START INPUT DATA
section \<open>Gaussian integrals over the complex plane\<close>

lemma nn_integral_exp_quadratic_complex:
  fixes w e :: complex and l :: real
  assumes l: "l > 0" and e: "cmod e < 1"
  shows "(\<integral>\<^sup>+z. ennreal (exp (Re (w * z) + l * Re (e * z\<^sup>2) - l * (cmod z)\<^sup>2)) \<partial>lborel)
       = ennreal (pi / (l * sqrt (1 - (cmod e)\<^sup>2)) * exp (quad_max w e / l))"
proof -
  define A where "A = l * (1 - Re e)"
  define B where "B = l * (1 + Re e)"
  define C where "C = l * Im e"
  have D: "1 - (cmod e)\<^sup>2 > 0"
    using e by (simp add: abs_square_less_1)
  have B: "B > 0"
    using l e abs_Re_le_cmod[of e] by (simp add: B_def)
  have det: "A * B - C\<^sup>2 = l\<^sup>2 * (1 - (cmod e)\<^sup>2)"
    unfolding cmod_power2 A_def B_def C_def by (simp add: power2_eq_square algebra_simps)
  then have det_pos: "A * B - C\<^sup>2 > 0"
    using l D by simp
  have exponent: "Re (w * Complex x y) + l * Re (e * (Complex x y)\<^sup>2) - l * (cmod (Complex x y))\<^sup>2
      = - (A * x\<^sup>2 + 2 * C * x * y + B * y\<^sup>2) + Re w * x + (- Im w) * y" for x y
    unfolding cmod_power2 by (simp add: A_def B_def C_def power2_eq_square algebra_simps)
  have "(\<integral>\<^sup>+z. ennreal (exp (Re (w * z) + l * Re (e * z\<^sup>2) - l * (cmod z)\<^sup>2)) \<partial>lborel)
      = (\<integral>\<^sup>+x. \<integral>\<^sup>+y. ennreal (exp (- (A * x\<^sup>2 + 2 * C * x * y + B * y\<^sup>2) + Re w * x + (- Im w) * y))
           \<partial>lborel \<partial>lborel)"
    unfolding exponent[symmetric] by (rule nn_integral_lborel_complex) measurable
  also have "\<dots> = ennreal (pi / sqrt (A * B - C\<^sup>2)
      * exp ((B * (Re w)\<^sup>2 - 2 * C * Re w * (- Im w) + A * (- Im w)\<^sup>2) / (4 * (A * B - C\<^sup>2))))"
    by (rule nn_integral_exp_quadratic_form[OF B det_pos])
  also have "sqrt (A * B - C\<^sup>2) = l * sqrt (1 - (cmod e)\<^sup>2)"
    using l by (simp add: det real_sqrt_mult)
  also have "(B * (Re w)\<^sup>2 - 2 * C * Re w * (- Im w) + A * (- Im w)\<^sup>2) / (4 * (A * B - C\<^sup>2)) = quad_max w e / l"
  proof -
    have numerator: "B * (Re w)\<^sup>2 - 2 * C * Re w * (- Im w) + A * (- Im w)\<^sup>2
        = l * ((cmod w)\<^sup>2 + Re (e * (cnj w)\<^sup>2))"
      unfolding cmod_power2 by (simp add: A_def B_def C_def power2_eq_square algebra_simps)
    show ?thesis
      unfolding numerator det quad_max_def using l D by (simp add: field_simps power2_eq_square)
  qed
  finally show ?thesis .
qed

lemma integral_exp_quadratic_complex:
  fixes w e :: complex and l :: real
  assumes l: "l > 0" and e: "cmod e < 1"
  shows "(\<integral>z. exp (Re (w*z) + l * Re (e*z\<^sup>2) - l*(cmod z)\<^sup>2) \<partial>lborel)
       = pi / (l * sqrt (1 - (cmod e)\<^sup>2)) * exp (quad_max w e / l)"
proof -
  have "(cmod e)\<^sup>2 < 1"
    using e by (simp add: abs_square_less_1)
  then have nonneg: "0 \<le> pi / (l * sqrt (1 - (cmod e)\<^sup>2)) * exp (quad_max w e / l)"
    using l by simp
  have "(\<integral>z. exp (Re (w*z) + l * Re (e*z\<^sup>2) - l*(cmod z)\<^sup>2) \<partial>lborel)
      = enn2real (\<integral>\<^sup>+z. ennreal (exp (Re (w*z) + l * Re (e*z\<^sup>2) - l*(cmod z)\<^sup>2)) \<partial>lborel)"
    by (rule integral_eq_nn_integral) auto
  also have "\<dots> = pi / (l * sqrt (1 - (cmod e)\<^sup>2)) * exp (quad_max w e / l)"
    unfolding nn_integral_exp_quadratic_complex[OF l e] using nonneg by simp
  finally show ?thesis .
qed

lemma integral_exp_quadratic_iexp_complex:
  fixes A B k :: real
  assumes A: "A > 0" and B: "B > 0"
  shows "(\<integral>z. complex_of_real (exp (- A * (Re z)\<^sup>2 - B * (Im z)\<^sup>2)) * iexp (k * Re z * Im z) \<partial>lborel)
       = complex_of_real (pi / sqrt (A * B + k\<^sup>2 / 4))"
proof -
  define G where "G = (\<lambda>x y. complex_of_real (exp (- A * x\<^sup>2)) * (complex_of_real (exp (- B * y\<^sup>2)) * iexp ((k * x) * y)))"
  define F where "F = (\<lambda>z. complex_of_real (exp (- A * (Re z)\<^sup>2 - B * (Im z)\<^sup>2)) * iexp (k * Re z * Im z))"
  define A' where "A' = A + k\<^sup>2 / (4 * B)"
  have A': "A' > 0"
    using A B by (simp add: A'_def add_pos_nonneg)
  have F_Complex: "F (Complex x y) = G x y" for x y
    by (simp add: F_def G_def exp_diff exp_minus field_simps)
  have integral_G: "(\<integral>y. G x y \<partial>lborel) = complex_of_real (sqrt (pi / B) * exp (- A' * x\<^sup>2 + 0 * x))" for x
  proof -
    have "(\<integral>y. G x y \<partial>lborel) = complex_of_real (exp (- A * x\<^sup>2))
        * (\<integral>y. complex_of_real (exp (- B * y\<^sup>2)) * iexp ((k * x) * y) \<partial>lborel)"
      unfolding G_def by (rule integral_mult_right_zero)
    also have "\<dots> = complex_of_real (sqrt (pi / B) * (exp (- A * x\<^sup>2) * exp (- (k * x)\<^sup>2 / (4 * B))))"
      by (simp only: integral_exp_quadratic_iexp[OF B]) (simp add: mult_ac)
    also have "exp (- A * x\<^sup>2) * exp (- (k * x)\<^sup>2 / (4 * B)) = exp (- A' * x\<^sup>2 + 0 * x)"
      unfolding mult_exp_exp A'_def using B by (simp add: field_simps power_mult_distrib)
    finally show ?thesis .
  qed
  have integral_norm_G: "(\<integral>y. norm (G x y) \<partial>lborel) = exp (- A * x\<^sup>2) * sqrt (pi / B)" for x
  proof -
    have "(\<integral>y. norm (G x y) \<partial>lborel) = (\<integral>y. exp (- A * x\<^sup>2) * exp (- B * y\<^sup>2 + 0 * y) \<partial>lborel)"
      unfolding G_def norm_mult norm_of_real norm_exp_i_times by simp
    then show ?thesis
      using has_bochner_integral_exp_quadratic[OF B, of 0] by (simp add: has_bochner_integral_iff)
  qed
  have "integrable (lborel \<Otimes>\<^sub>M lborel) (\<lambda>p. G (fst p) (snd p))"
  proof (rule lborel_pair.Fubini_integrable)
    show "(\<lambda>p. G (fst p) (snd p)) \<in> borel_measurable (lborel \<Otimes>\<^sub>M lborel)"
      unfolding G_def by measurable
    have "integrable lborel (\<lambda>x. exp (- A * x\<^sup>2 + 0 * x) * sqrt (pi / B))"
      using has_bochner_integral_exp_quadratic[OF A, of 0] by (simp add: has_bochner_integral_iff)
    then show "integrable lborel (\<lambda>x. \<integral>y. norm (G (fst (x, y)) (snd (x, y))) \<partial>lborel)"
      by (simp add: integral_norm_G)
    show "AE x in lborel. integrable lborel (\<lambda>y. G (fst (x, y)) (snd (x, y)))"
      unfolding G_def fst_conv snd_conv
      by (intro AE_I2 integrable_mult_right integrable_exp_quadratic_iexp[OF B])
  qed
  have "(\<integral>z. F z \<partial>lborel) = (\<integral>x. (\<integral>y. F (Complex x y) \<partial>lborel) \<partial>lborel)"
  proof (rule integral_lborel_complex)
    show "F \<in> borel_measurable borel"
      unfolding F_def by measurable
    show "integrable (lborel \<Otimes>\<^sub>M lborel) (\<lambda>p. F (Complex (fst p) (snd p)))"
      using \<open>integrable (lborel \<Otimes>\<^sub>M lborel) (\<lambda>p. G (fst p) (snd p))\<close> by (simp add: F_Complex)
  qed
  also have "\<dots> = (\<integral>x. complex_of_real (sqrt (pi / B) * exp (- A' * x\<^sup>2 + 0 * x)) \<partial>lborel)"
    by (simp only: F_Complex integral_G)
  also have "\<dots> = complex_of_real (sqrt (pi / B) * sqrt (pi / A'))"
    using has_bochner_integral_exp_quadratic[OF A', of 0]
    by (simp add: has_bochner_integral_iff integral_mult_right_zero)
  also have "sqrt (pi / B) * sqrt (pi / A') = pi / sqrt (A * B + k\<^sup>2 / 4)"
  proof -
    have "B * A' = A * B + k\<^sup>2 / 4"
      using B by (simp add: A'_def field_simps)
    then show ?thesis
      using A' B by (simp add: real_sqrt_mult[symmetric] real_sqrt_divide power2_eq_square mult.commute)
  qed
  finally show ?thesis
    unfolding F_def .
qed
END INPUT DATA
> [AIM OF THE TASK]:
Say how many lines in the entries include the string "then", and write nothing besides that number.

> [RESPONSE TO THE EXERCISE]:
5